__Material provided__.

(* Let $\mathcal G$ be a finite connected groupoid and $\alpha=(S_g,\alpha_g)_{g\in\mathcal G}$ a unital group-type partial action of $\mathcal G$ on a ring $S=\bigoplus_{y\in\mathcal G_0}S_y$, with $S_g=S1_g$ and $1_g\neq0$ for all $g\in\mathcal G$. Let $\mathcal H\in\mathrm{wSub}_\alpha(\mathcal G)$, with connected components $\mathcal H_1,\dots,\mathcal H_r$ having object sets $Y_1,\dots,Y_r$ (so $\mathcal G_0=Y_1\,\dot\cup\cdots\dot\cup\,Y_r$). For each $j$ choose $y_j\in Y_j$ and a transversal $\tau_j=\{\tau_{j,z}\}_{z\in Y_j}$ in $\mathcal H_j$ for $y_j$ satisfying $S_{\tau_{j,z}^{-1}}=S_{y_j}$ and $S_{\tau_{j,z}}=S_z$ for all $z\in Y_j$. Let $T=S^{\alpha_{\mathcal H}}$ and $T_{y_j}=S_{y_j}^{\alpha_{\mathcal H_j(y_j)}}$. Then for $g\in\mathcal G$: $g\in\mathcal G_T$ if and only if there exists $1\le k\le r$ such that $s(g),t(g)\in Y_k$ and $\tau_k(g):=\tau_{k,t(g)}^{-1}g\,\tau_{k,s(g)}\in\mathcal G(y_k)_{T_{y_k}}$.
   Context: A groupoid is a small category with all morphisms invertible; $\mathcal G_0$ is its object set (identified with identity morphisms), $s(g),t(g)$ source and target, $\mathcal G(x,y)=\{g:s(g)=x,t(g)=y\}$, $\mathcal G(x)=\mathcal G(x,x)$; $gh$ defined iff $s(g)=t(h)$; connected means all $\mathcal G(x,y)\ne\emptyset$; connected components are full subgroupoids on classes of $x\sim y\iff\mathcal G(x,y)\neq\emptyset$. A partial action $\alpha=(S_g,\alpha_g)_{g\in\mathcal G}$ on a ring $S$: for each $g$, $S_{t(g)}$ is an ideal of $S$, $S_g$ an ideal of $S_{t(g)}$, $\alpha_g:S_{g^{-1}}\to S_g$ a ring isomorphism; $\alpha_x=\mathrm{id}_{S_x}$; for composable $(g,h)$, $\alpha_h^{-1}(S_{g^{-1}}\cap S_h)\subseteq S_{(gh)^{-1}}$ and $\alpha_g\alpha_h(a)=\alpha_{gh}(a)$ there. Unital: $S_g=S1_g$, $1_g$ central idempotent. A transversal for $x$ in a connected groupoid $\mathcal K$ is $\{\tau_y\}_{y\in\mathcal K_0}$ with $\tau_y\in\mathcal K(x,y)$, $\tau_x=x$; a partial action of connected $\mathcal K$ on $A=\bigoplus_{y\in\mathcal K_0}A_y$ is group-type if some $x$ and transversal satisfy $A_{\tau_y^{-1}}=A_x$, $A_{\tau_y}=A_y$ for all $y$; for non-connected $\mathcal K$ it is group-type if each restriction to a connected component $\mathcal K_Y$ (acting on $\bigoplus_{y\in Y}A_y$) is group-type. For a subgroupoid $\mathcal H$, $\alpha_{\mathcal H}=(S_h,\alpha_h)_{h\in\mathcal H}$ acts on $\bigoplus_{z\in\mathcal H_0}S_z$. $\mathrm{wSub}_\alpha(\mathcal G)$ is the set of subgroupoids $\mathcal H$ with $\mathcal H_0=\mathcal G_0$ (wide) and $\alpha_{\mathcal H}$ group-type. For a subgroupoid $\mathcal K$ and subring $A\subseteq S$, $A^{\alpha_{\mathcal K}}=\{a\in A:\alpha_k(a1_{k^{-1}})=a1_k\ \forall k\in\mathcal K\}$. For a subring $T\subseteq S$, $\mathcal G_T=\{g\in\mathcal G:\alpha_g(t1_{g^{-1}})=t1_g\ \forall t\in T\}$; for $y\in\mathcal G_0$ and a subring $B\subseteq S_y$, $\mathcal G(y)_B=\{l\in\mathcal G(y):\alpha_l(b1_{l^{-1}})=b1_l\ \forall b\in B\}$. *)

theory Defs
  imports Main
begin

__Work order__. Give back the full listing exactly as it stands above.

__Solved problem__.
(* Let $\mathcal G$ be a finite connected groupoid and $\alpha=(S_g,\alpha_g)_{g\in\mathcal G}$ a unital group-type partial action of $\mathcal G$ on a ring $S=\bigoplus_{y\in\mathcal G_0}S_y$, with $S_g=S1_g$ and $1_g\neq0$ for all $g\in\mathcal G$. Let $\mathcal H\in\mathrm{wSub}_\alpha(\mathcal G)$, with connected components $\mathcal H_1,\dots,\mathcal H_r$ having object sets $Y_1,\dots,Y_r$ (so $\mathcal G_0=Y_1\,\dot\cup\cdots\dot\cup\,Y_r$). For each $j$ choose $y_j\in Y_j$ and a transversal $\tau_j=\{\tau_{j,z}\}_{z\in Y_j}$ in $\mathcal H_j$ for $y_j$ satisfying $S_{\tau_{j,z}^{-1}}=S_{y_j}$ and $S_{\tau_{j,z}}=S_z$ for all $z\in Y_j$. Let $T=S^{\alpha_{\mathcal H}}$ and $T_{y_j}=S_{y_j}^{\alpha_{\mathcal H_j(y_j)}}$. Then for $g\in\mathcal G$: $g\in\mathcal G_T$ if and only if there exists $1\le k\le r$ such that $s(g),t(g)\in Y_k$ and $\tau_k(g):=\tau_{k,t(g)}^{-1}g\,\tau_{k,s(g)}\in\mathcal G(y_k)_{T_{y_k}}$.
   Context: A groupoid is a small category with all morphisms invertible; $\mathcal G_0$ is its object set (identified with identity morphisms), $s(g),t(g)$ source and target, $\mathcal G(x,y)=\{g:s(g)=x,t(g)=y\}$, $\mathcal G(x)=\mathcal G(x,x)$; $gh$ defined iff $s(g)=t(h)$; connected means all $\mathcal G(x,y)\ne\emptyset$; connected components are full subgroupoids on classes of $x\sim y\iff\mathcal G(x,y)\neq\emptyset$. A partial action $\alpha=(S_g,\alpha_g)_{g\in\mathcal G}$ on a ring $S$: for each $g$, $S_{t(g)}$ is an ideal of $S$, $S_g$ an ideal of $S_{t(g)}$, $\alpha_g:S_{g^{-1}}\to S_g$ a ring isomorphism; $\alpha_x=\mathrm{id}_{S_x}$; for composable $(g,h)$, $\alpha_h^{-1}(S_{g^{-1}}\cap S_h)\subseteq S_{(gh)^{-1}}$ and $\alpha_g\alpha_h(a)=\alpha_{gh}(a)$ there. Unital: $S_g=S1_g$, $1_g$ central idempotent. A transversal for $x$ in a connected groupoid $\mathcal K$ is $\{\tau_y\}_{y\in\mathcal K_0}$ with $\tau_y\in\mathcal K(x,y)$, $\tau_x=x$; a partial action of connected $\mathcal K$ on $A=\bigoplus_{y\in\mathcal K_0}A_y$ is group-type if some $x$ and transversal satisfy $A_{\tau_y^{-1}}=A_x$, $A_{\tau_y}=A_y$ for all $y$; for non-connected $\mathcal K$ it is group-type if each restriction to a connected component $\mathcal K_Y$ (acting on $\bigoplus_{y\in Y}A_y$) is group-type. For a subgroupoid $\mathcal H$, $\alpha_{\mathcal H}=(S_h,\alpha_h)_{h\in\mathcal H}$ acts on $\bigoplus_{z\in\mathcal H_0}S_z$. $\mathrm{wSub}_\alpha(\mathcal G)$ is the set of subgroupoids $\mathcal H$ with $\mathcal H_0=\mathcal G_0$ (wide) and $\alpha_{\mathcal H}$ group-type. For a subgroupoid $\mathcal K$ and subring $A\subseteq S$, $A^{\alpha_{\mathcal K}}=\{a\in A:\alpha_k(a1_{k^{-1}})=a1_k\ \forall k\in\mathcal K\}$. For a subring $T\subseteq S$, $\mathcal G_T=\{g\in\mathcal G:\alpha_g(t1_{g^{-1}})=t1_g\ \forall t\in T\}$; for $y\in\mathcal G_0$ and a subring $B\subseteq S_y$, $\mathcal G(y)_B=\{l\in\mathcal G(y):\alpha_l(b1_{l^{-1}})=b1_l\ \forall b\in B\}$. *)

theory Defs
  imports Main
begin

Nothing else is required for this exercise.